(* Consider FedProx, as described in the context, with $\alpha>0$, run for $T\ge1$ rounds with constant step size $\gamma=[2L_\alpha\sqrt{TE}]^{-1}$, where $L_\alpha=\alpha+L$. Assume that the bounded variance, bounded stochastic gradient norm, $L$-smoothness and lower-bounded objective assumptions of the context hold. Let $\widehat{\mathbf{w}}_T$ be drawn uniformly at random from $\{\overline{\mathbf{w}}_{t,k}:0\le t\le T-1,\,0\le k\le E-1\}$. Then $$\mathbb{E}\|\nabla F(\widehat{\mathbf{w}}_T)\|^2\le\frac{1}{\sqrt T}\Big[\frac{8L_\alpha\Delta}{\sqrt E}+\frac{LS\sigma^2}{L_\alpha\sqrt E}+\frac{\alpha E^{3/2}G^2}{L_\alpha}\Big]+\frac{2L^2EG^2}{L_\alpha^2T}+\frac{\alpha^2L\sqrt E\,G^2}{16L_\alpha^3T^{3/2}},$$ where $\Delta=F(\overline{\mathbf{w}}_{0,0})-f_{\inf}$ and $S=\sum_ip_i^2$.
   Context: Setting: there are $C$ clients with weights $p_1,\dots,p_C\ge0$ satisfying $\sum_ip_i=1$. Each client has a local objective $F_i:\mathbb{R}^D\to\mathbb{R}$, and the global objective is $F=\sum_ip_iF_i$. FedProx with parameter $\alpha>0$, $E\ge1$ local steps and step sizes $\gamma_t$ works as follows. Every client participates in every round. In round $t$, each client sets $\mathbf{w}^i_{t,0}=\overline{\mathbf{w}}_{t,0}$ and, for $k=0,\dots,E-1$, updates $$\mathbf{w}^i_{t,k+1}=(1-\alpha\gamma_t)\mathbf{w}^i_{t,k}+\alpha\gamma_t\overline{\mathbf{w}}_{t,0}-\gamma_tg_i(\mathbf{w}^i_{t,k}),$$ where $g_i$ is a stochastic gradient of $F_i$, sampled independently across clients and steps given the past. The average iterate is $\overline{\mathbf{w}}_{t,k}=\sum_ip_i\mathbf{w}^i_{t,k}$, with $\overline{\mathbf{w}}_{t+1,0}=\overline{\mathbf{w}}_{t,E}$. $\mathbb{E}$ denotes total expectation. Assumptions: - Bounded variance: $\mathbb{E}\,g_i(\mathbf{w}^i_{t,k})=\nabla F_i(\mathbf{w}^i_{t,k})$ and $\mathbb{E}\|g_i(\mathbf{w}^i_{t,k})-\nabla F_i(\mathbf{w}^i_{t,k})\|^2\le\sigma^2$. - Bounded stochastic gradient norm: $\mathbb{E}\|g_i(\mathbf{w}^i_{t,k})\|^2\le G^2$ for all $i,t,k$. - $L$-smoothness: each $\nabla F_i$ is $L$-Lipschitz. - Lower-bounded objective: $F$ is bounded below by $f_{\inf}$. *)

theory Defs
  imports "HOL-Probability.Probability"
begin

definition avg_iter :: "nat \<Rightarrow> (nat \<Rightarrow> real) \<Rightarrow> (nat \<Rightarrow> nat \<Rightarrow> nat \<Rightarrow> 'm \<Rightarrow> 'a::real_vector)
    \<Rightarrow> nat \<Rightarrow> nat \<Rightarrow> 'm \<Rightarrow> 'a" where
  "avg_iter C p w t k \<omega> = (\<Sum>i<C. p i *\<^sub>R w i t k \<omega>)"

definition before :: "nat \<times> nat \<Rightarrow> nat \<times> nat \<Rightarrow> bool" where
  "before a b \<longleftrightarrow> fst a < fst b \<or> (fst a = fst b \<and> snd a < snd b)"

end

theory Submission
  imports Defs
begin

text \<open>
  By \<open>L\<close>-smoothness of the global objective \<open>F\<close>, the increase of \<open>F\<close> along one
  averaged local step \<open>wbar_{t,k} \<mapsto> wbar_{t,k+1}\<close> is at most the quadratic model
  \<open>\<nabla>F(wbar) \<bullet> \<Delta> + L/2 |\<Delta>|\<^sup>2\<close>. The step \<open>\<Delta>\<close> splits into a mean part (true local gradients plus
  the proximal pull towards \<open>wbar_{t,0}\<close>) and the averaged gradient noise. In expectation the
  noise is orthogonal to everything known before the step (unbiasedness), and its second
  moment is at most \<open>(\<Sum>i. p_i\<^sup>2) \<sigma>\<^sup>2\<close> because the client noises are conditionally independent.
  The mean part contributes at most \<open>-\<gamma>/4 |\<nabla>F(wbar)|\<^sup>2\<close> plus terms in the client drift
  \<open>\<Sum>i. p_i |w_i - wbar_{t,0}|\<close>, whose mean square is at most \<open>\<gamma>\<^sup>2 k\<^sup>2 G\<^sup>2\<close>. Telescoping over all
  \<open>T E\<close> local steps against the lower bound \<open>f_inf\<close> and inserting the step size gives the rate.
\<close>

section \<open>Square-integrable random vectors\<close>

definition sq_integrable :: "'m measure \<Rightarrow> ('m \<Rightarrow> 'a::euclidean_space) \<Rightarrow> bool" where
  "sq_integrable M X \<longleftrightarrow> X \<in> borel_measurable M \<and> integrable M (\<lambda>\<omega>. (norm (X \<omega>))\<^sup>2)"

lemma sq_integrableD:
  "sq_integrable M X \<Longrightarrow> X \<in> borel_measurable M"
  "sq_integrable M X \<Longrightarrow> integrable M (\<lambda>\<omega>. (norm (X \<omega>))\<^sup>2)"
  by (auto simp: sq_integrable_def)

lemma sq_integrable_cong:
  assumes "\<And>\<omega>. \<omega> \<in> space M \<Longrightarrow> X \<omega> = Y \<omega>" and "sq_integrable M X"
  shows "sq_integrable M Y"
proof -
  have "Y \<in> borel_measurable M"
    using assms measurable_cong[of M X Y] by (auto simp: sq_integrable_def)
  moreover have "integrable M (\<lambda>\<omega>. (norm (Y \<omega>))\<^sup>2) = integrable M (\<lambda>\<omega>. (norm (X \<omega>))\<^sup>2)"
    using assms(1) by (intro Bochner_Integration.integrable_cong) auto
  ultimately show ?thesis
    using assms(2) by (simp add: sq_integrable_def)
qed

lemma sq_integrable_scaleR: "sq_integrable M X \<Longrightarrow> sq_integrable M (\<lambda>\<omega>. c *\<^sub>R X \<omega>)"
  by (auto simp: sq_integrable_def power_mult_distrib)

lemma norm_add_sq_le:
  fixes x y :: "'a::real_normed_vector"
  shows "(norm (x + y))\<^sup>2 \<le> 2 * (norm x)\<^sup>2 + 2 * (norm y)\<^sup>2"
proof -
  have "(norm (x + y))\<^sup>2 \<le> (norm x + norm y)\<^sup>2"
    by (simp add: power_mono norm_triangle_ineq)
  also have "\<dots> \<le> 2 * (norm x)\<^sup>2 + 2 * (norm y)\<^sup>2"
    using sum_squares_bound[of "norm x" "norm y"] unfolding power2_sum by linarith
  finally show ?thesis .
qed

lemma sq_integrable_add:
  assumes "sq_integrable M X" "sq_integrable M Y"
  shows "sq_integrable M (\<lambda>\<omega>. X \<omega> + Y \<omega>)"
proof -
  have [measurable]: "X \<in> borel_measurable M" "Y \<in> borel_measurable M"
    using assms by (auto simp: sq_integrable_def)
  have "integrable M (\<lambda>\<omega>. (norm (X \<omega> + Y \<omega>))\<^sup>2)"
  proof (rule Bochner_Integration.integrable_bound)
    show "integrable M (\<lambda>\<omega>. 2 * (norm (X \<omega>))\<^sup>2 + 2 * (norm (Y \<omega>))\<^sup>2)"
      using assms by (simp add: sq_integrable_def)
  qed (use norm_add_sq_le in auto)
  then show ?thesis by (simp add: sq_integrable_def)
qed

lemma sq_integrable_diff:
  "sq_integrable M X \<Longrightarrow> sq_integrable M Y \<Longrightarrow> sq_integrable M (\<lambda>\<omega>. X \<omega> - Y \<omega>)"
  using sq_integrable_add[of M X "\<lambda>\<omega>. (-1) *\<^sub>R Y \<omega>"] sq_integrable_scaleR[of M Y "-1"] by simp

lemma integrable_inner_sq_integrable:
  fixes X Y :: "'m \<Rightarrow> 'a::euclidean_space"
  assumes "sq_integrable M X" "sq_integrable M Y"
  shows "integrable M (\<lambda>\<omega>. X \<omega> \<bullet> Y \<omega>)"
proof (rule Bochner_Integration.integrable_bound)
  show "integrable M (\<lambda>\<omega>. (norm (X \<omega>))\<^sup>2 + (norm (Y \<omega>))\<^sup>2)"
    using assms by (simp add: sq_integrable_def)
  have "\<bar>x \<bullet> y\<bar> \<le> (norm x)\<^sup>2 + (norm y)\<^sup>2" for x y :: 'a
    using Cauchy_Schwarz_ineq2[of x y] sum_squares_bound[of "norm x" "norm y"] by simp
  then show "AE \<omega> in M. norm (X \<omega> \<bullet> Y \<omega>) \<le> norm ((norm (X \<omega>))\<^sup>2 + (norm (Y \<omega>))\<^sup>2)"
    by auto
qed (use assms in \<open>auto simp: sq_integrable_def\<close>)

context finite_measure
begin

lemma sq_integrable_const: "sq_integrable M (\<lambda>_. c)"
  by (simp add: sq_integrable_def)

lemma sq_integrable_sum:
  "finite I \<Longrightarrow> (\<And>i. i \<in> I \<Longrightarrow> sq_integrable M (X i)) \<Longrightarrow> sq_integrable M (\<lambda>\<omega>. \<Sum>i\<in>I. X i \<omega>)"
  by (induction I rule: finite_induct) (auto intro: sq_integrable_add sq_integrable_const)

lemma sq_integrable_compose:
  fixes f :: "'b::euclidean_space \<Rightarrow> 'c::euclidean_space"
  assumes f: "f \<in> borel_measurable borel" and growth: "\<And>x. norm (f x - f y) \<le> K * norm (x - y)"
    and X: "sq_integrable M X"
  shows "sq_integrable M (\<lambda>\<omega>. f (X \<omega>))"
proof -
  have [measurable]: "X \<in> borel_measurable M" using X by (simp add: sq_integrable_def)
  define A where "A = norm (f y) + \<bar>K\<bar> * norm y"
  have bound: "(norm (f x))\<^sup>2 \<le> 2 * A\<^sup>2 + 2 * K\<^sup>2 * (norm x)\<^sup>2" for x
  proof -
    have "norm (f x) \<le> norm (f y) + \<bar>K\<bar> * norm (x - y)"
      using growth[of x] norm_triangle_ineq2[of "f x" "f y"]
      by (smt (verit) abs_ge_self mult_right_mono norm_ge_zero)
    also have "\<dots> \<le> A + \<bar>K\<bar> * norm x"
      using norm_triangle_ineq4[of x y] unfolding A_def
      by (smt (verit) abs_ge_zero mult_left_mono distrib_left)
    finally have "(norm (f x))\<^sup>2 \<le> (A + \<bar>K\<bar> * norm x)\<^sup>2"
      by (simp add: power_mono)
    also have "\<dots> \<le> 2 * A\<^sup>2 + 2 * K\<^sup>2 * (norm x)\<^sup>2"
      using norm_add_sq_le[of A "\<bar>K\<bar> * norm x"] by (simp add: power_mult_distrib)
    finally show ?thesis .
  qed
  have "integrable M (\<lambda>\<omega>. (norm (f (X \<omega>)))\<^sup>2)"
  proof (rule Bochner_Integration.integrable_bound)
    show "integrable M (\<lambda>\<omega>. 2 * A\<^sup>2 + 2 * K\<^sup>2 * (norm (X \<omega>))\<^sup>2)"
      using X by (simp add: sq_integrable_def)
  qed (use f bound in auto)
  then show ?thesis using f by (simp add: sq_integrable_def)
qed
════
» Your goal: In the listing above, locate the line containing "using sq_integrable_add[of M" and the line containing "using Cauchy_Schwarz_ineq2[of x", then transcribe both and every line between them verbatim.

» Response area:
  using sq_integrable_add[of M X "\<lambda>\<omega>. (-1) *\<^sub>R Y \<omega>"] sq_integrable_scaleR[of M Y "-1"] by simp

lemma integrable_inner_sq_integrable:
  fixes X Y :: "'m \<Rightarrow> 'a::euclidean_space"
  assumes "sq_integrable M X" "sq_integrable M Y"
  shows "integrable M (\<lambda>\<omega>. X \<omega> \<bullet> Y \<omega>)"
proof (rule Bochner_Integration.integrable_bound)
  show "integrable M (\<lambda>\<omega>. (norm (X \<omega>))\<^sup>2 + (norm (Y \<omega>))\<^sup>2)"
    using assms by (simp add: sq_integrable_def)
  have "\<bar>x \<bullet> y\<bar> \<le> (norm x)\<^sup>2 + (norm y)\<^sup>2" for x y :: 'a
    using Cauchy_Schwarz_ineq2[of x y] sum_squares_bound[of "norm x" "norm y"] by simp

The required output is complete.